(* Let $\Gamma\le E(n)$ be discrete, and let $(G,V)$ be a finite index cocompact translation pair of $\Gamma$ such that $G$ is abelian and $V$ is a linear subspace. Let $k=\dim\Gamma$ and suppose $k<n-2$. Then there exist half-lines $L_1,L_2\subset V^\perp$ starting from $0$ such that the following holds: if $\sigma'$ is a path from $L_1$ to $GL_2=\bigcup_{\gamma\in G}\gamma(L_2)$ and $s=\inf_t d(V,\sigma'(t))>0$, then $\operatorname{len}(\sigma')\ge\sqrt2\,s$.
   Context: $E(n)$ is the isometry group of $\mathbb{R}^n$ (maps $x\mapsto Bx+b$, $B\in O(n)$) with the topology of $O(n)\times\mathbb{R}^n$. For a discrete $\Gamma\le E(n)$, a subgroup $G\le\Gamma$ and an affine subspace $V$, $(G,V)$ is a cocompact translation pair of $\Gamma$ if $gV=V$ and $g|_V$ is a translation of $V$ for all $g\in G$, and $V/G$ is compact; it is a finite index cocompact translation pair if moreover $[\Gamma:G]<\infty$. $\dim\Gamma:=\dim V$ for any such pair (independent of choice). $V^\perp$ is the linear orthogonal complement of $V$, and $\operatorname{len}$ denotes Euclidean length of a path. *)

theory Defs
  imports "HOL-Analysis.Analysis"
begin

text \<open>Elements of E(n): pairs (B,b) with B orthogonal, acting by x \<mapsto> B x + b.
  The topology is that of O(n) \<times> R^n, i.e. the product metric on pairs.\<close>

type_synonym 'n isom = "(real^'n^'n) \<times> (real^'n)"

definition isom_apply :: "'n::finite isom \<Rightarrow> real^'n \<Rightarrow> real^'n" where
  "isom_apply g x = fst g *v x + snd g"

definition isom_mult :: "'n::finite isom \<Rightarrow> 'n isom \<Rightarrow> 'n isom" where
  "isom_mult g h = (fst g ** fst h, fst g *v snd h + snd g)"
lemma exp_minus_set_integrable_atLeast:
  fixes c :: real
  assumes c: "c > 0"
  shows "set_integrable lborel {a..} (\<lambda>s. exp (- c * s))"
    and "(LINT s:{a..}|lborel. exp (- c * s)) = exp (- c * a) / c"
proof -
  have "(\<integral>\<^sup>+s. ennreal (indicator {a..} s * exp (- c * s)) \<partial>lborel)
      = (\<integral>\<^sup>+s. ennreal (exp (- c * s)) * indicator {a..} s \<partial>lborel)"
    by (intro nn_integral_cong) (simp split: split_indicator)
  also have "\<dots> = 0 - (- exp (- c * a) / c)"
  proof (rule nn_integral_FTC_atLeast)
    show "((\<lambda>s. - exp (- c * s) / c) \<longlongrightarrow> 0) at_top"
      using c by real_asymp
  qed (use c in \<open>auto intro!: derivative_eq_intros\<close>)
  finally have nn: "(\<integral>\<^sup>+s. ennreal (indicator {a..} s * exp (- c * s)) \<partial>lborel) = ennreal (exp (- c * a) / c)"
    by simp
  then show "set_integrable lborel {a..} (\<lambda>s. exp (- c * s))"
    unfolding set_integrable_def by (intro integrableI_nonneg) auto
  show "(LINT s:{a..}|lborel. exp (- c * s)) = exp (- c * a) / c"
    unfolding set_lebesgue_integral_def using c
    by (subst integral_eq_nn_integral) (use nn in auto)
qed

lemma exp_minus_integral_Ioc_le:
  fixes c :: real
  assumes c: "c > 0"
  shows "set_integrable lborel {a<..b} (\<lambda>s. exp (- c * s))"
    and "(LINT s:{a<..b}|lborel. exp (- c * s)) \<le> exp (- c * a) / c"
proof -
  show "set_integrable lborel {a<..b} (\<lambda>s. exp (- c * s))"
    by (rule set_integrable_subset[OF exp_minus_set_integrable_atLeast(1)[OF c, of a]]) auto
  have "(LINT s:{a<..b}|lborel. exp (- c * s)) \<le> (LINT s:{a..}|lborel. exp (- c * s))"
    by (rule set_integral_mono_set[OF exp_minus_set_integrable_atLeast(1)[OF c]]) auto
  also have "\<dots> = exp (- c * a) / c"
    by (rule exp_minus_set_integrable_atLeast(2)[OF c])
  finally show "(LINT s:{a<..b}|lborel. exp (- c * s)) \<le> exp (- c * a) / c" .
qed
lemma integrable_Pi_measure:
  fixes f :: "real \<Rightarrow> 'a::{banach, second_countable_topology}"
  assumes "k \<ge> 1" and f: "continuous_on UNIV f"
  shows "integrable (Pi_measure k) f"
proof -
  have "bounded (f ` {-1..1})"
    using f by (intro compact_imp_bounded compact_continuous_image) (auto intro: continuous_on_subset)
  then obtain M where "\<forall>y \<in> f ` {-1..1}. norm y \<le> M"
    unfolding bounded_iff by blast
  then have M: "\<And>t. t \<in> {-1..1} \<Longrightarrow> norm (f t) \<le> M" by simp
  have [measurable]: "f \<in> borel_measurable borel"
    using f by (rule borel_measurable_continuous_onI)
  have bound: "norm (Pi_density k t *\<^sub>R f t) \<le> Pi_density k t * M" for t
  proof (cases "t \<in> {- Pi_edge k..Pi_edge k}")
    case True
    then have "t \<in> {-1..1}" using Pi_edge_le_1[of k] by auto
    then show ?thesis using M Pi_density_nonneg[of k t] by (simp add: mult_left_mono)
  qed (simp add: Pi_density_eq)
  have "norm (Pi_density k t *\<^sub>R f t) \<le> norm (Pi_density k t * M)" for t
    using bound[of t] abs_ge_self[of "Pi_density k t * M"] unfolding real_norm_def by linarith
  then have "AE t in lborel. norm (Pi_density k t *\<^sub>R f t) \<le> norm (Pi_density k t * M)"
    by simp
  moreover have "integrable lborel (\<lambda>t. Pi_density k t * M)"
    using integrable_Pi_density[OF assms(1)] by simp
  moreover have "(\<lambda>t. Pi_density k t *\<^sub>R f t) \<in> borel_measurable lborel"
    by measurable
  ultimately have "integrable lborel (\<lambda>t. Pi_density k t *\<^sub>R f t)"
    by (rule Bochner_Integration.integrable_bound[rotated 2])
  then show ?thesis
    unfolding Pi_measure_def by (subst integrable_density) (auto simp: Pi_density_nonneg)
qed

lemma integral_substitution_cos:
  assumes "set_integrable lborel {- Pi_edge k..Pi_edge k} f"
  shows "set_integrable lborel {0..pi} (\<lambda>x. f (- Pi_edge k * cos x) * (Pi_edge k * sin x))"
    and "(LBINT t. f t * indicator {- Pi_edge k..Pi_edge k} t)
      = (LBINT x. f (- Pi_edge k * cos x) * (Pi_edge k * sin x) * indicator {0..pi} x)"
proof -
  have cont: "continuous_on {0..pi} (\<lambda>x. Pi_edge k * sin x)" by (intro continuous_intros)
  have nonneg: "x \<in> {0..pi} \<Longrightarrow> 0 \<le> Pi_edge k * sin x" for x
    by (auto intro!: mult_nonneg_nonneg sin_ge_zero Pi_edge_nonneg)
  note subst = integral_substitution[of "\<lambda>x. - Pi_edge k * cos x" 0 pi f, OF _ cos_subst_has_real_derivative
      cont nonneg pi_ge_zero]
  from assms show "set_integrable lborel {0..pi} (\<lambda>x. f (- Pi_edge k * cos x) * (Pi_edge k * sin x))"
    by (intro subst(1)) simp
  from assms show "(LBINT t. f t * indicator {- Pi_edge k..Pi_edge k} t)
      = (LBINT x. f (- Pi_edge k * cos x) * (Pi_edge k * sin x) * indicator {0..pi} x)"
    using subst(2) by simp
qed

lemma set_integrable_Pi_weight_cd_real:
  assumes "k \<ge> 1"
  shows "set_integrable lborel {- Pi_edge k..Pi_edge k} (\<lambda>t. Pi_weight k t * cd_real k n t)"
proof -
  have "integrable lborel (\<lambda>t. Pi_density k t * cd_real k n t)"
    using integrable_Pi_measure[OF assms continuous_on_cd_real] unfolding Pi_measure_def
    by (subst (asm) integrable_density) (auto simp: Pi_density_nonneg)
  then show ?thesis
    unfolding set_integrable_def by (simp add: Pi_density_eq mult_ac)
qed
lemma Tset_descent:
  assumes pos: "\<And>t. 1 \<le> z t" "\<And>t. 1 \<le> w t"
    and window: "\<And>m. a \<le> m \<Longrightarrow> m < b \<Longrightarrow> x \<in> Tset z w (int m)"
    and short: "\<And>t. b \<le> t \<Longrightarrow> min (z t) (w t) \<le> t - a"
    and "a \<le> m"
  shows "x \<in> Tset z w (int m)"
  using \<open>a \<le> m\<close>
proof (induction m rule: less_induct)
  case (less m)
  show ?case
  proof (cases "m < b")
    case True
    with less.prems window show ?thesis by blast
  next
    case False
    then have "min (z m) (w m) \<le> m - a" by (intro short) simp
    then consider "z m \<le> m - a" | "w m \<le> m - a" by linarith
    then show ?thesis
    proof cases
      case 1
      with less pos(1)[of m] have "x \<in> Tset z w (int m - int (z m))"
        using less.IH[of "m - z m"] by (simp add: of_nat_diff)
      moreover have "z m \<le> m" using 1 by linarith
      ultimately show ?thesis using pos(1)[of m] Tset_child_z_nat[of z m w] by auto
    next
      case 2
      with less pos(2)[of m] have "x \<in> Tset z w (int m - int (w m))"
        using less.IH[of "m - w m"] by (simp add: of_nat_diff)
      moreover have "w m \<le> m" using 2 by linarith
      ultimately show ?thesis using pos(2)[of m] Tset_child_w_nat[of w m z] by auto
    qed
  qed
qed

lemma card_leaves_le_Lambda:
  assumes "finite F"
    and "\<And>s. s \<in> F \<Longrightarrow> 1 \<le> s \<and> s \<le> z s \<and> int s \<in> Tset z w n"
  shows "card ((\<lambda>s. int s - int (z s)) ` F) \<le> Lambda z w n"
  unfolding Lambda_def
proof (rule card_mono)
  show "finite (Tset z w n \<inter> {..0})" by (simp add: finite_Tset)
  show "(\<lambda>s. int s - int (z s)) ` F \<subseteq> Tset z w n \<inter> {..0}"
  proof clarify
    fix s assume "s \<in> F"
    with assms(2) have s: "1 \<le> s" "s \<le> z s" "int s \<in> Tset z w n" by auto
    have "int s - int (z s) \<in> Tset z w (int s)"
      using Tset_child_z[of "int s" z w] Tset_self s by auto
    with Tset_mono[OF s(3)] s(2) show "int s - int (z s) \<in> Tset z w n \<inter> {..0}" by auto
  qed
qed

text \<open>Each good s contributes the leaf s - z s; since every offset z s - s is taken only
  finitely often, infinitely many good s give infinitely many distinct leaves.\<close>
lemma filterlim_Lambda_at_top:
  assumes "infinite G"
    and good: "\<And>s m. s \<in> G \<Longrightarrow> m \<ge> s + c \<Longrightarrow> 1 \<le> s \<and> s \<le> z s \<and> int s \<in> Tset z w (int m)"
    and offsets: "\<And>u. finite {s. z s = s + u}"
  shows "filterlim (\<lambda>n::nat. Lambda z w (int n)) at_top sequentially"
proof -
  let ?leaf = "\<lambda>s. int s - int (z s)"
  have "s \<in> {s. z s = s + nat (- ?leaf s)}" if "s \<in> G" for s
    using good[OF that, of "s + c"] by (simp add: nat_diff_distrib)
  then have "G \<subseteq> (\<Union>v\<in>?leaf ` G. {s. z s = s + nat (- v)})" by blast
  then have "infinite (?leaf ` G)"
    using \<open>infinite G\<close> offsets by (meson finite_UN_I finite_subset)
  show ?thesis unfolding filterlim_at_top
  proof
    fix K
    obtain V where V: "finite V" "card V = K" "V \<subseteq> ?leaf ` G"
      using infinite_arbitrarily_large[OF \<open>infinite (?leaf ` G)\<close>] by blast
    then obtain F where F: "F \<subseteq> G" "finite F" "V = ?leaf ` F"
      by (auto dest: finite_subset_image)
    show "eventually (\<lambda>n. K \<le> Lambda z w (int n)) sequentially"
    proof (rule eventually_sequentiallyI)
      fix n assume n: "Max (insert 0 F) + c \<le> n"
      have "s + c \<le> n" if "s \<in> F" for s
        using n F(2) that by (meson Max_ge add_le_mono1 finite_insert insertCI le_trans)
      then have "card (?leaf ` F) \<le> Lambda z w (int n)"
        using F(1) good by (intro card_leaves_le_Lambda[OF F(2)]) blast
      then show "K \<le> Lambda z w (int n)" using V(2) F(3) by simp
    qed
  qed
qed


lemma partial_sum_between:
  fixes f :: "nat \<Rightarrow> real"
  assumes nonneg: "\<And>i. 0 \<le> f i" and small: "\<And>i. f i \<le> \<theta>"
    and "\<not> summable f" and "\<theta> > 0"
  obtains L where "\<theta> \<le> (\<Sum>i<L. f i)" "(\<Sum>i<L. f i) \<le> 2 * \<theta>"
proof -
  have "\<exists>L. \<theta> \<le> (\<Sum>i<L. f i)"
  proof (rule ccontr)
    assume "\<nexists>L. \<theta> \<le> (\<Sum>i<L. f i)"
    then have "summable f"
      using nonneg by (intro summableI_nonneg_bounded[of f \<theta>]) (auto simp: not_le less_imp_le)
    with \<open>\<not> summable f\<close> show False ..
  qed
  then obtain L1 where L1: "\<theta> \<le> (\<Sum>i<L1. f i)" by blast
  define L where "L = (LEAST L. \<theta> \<le> (\<Sum>i<L. f i))"
  have L: "\<theta> \<le> (\<Sum>i<L. f i)" unfolding L_def by (rule LeastI[of _ L1]) (rule L1)
  with \<open>\<theta> > 0\<close> have "L \<noteq> 0" by (intro notI) simp
  then obtain K where K: "L = Suc K" using not0_implies_Suc by blast
  have "\<not> \<theta> \<le> (\<Sum>i<K. f i)"
    using Least_le[of "\<lambda>L. \<theta> \<le> (\<Sum>i<L. f i)" K] K by (auto simp: L_def)
  with small[of K] have "(\<Sum>i<L. f i) \<le> 2 * \<theta>" by (simp add: K)
  with L show thesis using that by blast
qed

lemma (in prob_space) bonferroni_lower_bound:
  fixes n :: nat
  assumes ev: "\<And>i. F i \<in> events"
  shows "(\<Sum>i<n. prob (F i)) - (\<Sum>i<n. \<Sum>j<i. prob (F i \<inter> F j)) \<le> prob (\<Union>i<n. F i)"
proof (induction n)
  case (Suc n)
  let ?U = "\<Union>i<n. F i"
  have U: "?U \<in> events" using ev by auto
  have "prob (\<Union>i<Suc n. F i) = prob ?U + prob (F n) - prob (F n \<inter> ?U)"
    using finite_measure_Union'[OF U ev, of n] finite_measure_Diff'[OF ev U, of n]
    by (simp add: lessThan_Suc Un_commute)
  moreover have "prob (F n \<inter> ?U) \<le> (\<Sum>j<n. prob (F n \<inter> F j))"
    unfolding Int_UN_distrib using ev by (intro finite_measure_subadditive_finite) auto
  ultimately show ?case using Suc.IH by simp
qed simp

text \<open>A Kochen--Stone type bound: among the E s with p s <= a/8, take a block whose
  p-mass x lies in [a/8, a/4]; Bonferroni gives probability at least a x - x^2 >= a^2/16.\<close>
lemma (in prob_space) prob_UN_from_ge:
  fixes E :: "nat \<Rightarrow> 'a set" and p :: "nat \<Rightarrow> real"
  assumes ev: "\<And>s. E s \<in> events" and "a > 0"
    and nonneg: "\<And>s. 0 \<le> p s" and "p \<longlonglongrightarrow> 0" and "\<not> summable p"
    and lower: "\<And>s. a * p s \<le> prob (E s)"
    and pair: "\<And>s t. s \<noteq> t \<Longrightarrow> prob (E s \<inter> E t) \<le> p s * p t"
  shows "a\<^sup>2 / 16 \<le> prob (\<Union>m\<in>{n..}. E m)"
proof -
  have "eventually (\<lambda>s. p s < a / 8) sequentially"
    using \<open>p \<longlonglongrightarrow> 0\<close> \<open>a > 0\<close> by (intro order_tendstoD(2)) auto
  then obtain n1 where n1: "\<And>s. s \<ge> n1 \<Longrightarrow> p s \<le> a / 8"
    unfolding eventually_sequentially by (meson less_imp_le)
  define n' where "n' = max n n1"
  have "\<not> summable (\<lambda>i. p (i + n'))"
    using \<open>\<not> summable p\<close> by (simp add: summable_iff_shift)
  then obtain L where L: "a / 8 \<le> (\<Sum>i<L. p (n' + i))" "(\<Sum>i<L. p (n' + i)) \<le> a / 4"
    using partial_sum_between[of "\<lambda>i. p (n' + i)" "a / 8"] nonneg n1 \<open>a > 0\<close>
    by (auto simp: n'_def add.commute)
  define x where "x = (\<Sum>i<L. p (n' + i))"
  let ?F = "\<lambda>i. E (n' + i)"
  have "a * x \<le> (\<Sum>i<L. prob (?F i))"
    unfolding x_def sum_distrib_left by (intro sum_mono lower)
  moreover have "(\<Sum>j<i. prob (?F i \<inter> ?F j)) \<le> (\<Sum>j<L. p (n' + i) * p (n' + j))"
    if "i < L" for i
  proof -
    have "(\<Sum>j<i. prob (?F i \<inter> ?F j)) \<le> (\<Sum>j<i. p (n' + i) * p (n' + j))"
      by (intro sum_mono pair) simp
    also have "\<dots> \<le> (\<Sum>j<L. p (n' + i) * p (n' + j))"
      using that nonneg by (intro sum_mono2) auto
    finally show ?thesis .
  qed
  then have "(\<Sum>i<L. \<Sum>j<i. prob (?F i \<inter> ?F j)) \<le> (\<Sum>i<L. \<Sum>j<L. p (n' + i) * p (n' + j))"
    by (intro sum_mono) simp
  moreover have "(\<Sum>i<L. \<Sum>j<L. p (n' + i) * p (n' + j)) = x * x"
    by (simp add: x_def sum_product)
  moreover have "prob (\<Union>i<L. ?F i) \<le> prob (\<Union>m\<in>{n..}. E m)"
    using ev by (intro finite_measure_mono UN_least UN_upper) (auto simp: n'_def)
  moreover have "a\<^sup>2 / 16 \<le> a * x - x * x"
  proof -
    have "(a / 8) * (3 * a / 4) \<le> x * (a - x)"
      using L \<open>a > 0\<close> by (intro mult_mono) (auto simp: x_def)
    moreover have "(a / 8) * (3 * a / 4) = 3 / 32 * a\<^sup>2" by (simp add: power2_eq_square)
    moreover have "x * (a - x) = a * x - x * x" by (simp add: algebra_simps)
    moreover have "0 \<le> a\<^sup>2" by simp
    ultimately show ?thesis by linarith
  qed
  moreover note bonferroni_lower_bound[of ?F L, OF ev]
  ultimately show ?thesis by linarith
qed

ABOUT THIS EXERCISE: In the lines above, find the word "short" and copy every line it occurs in.

FINISHED TASK:
    and short: "\<And>t. b \<le> t \<Longrightarrow> min (z t) (w t) \<le> t - a"
    then have "min (z m) (w m) \<le> m - a" by (intro short) simp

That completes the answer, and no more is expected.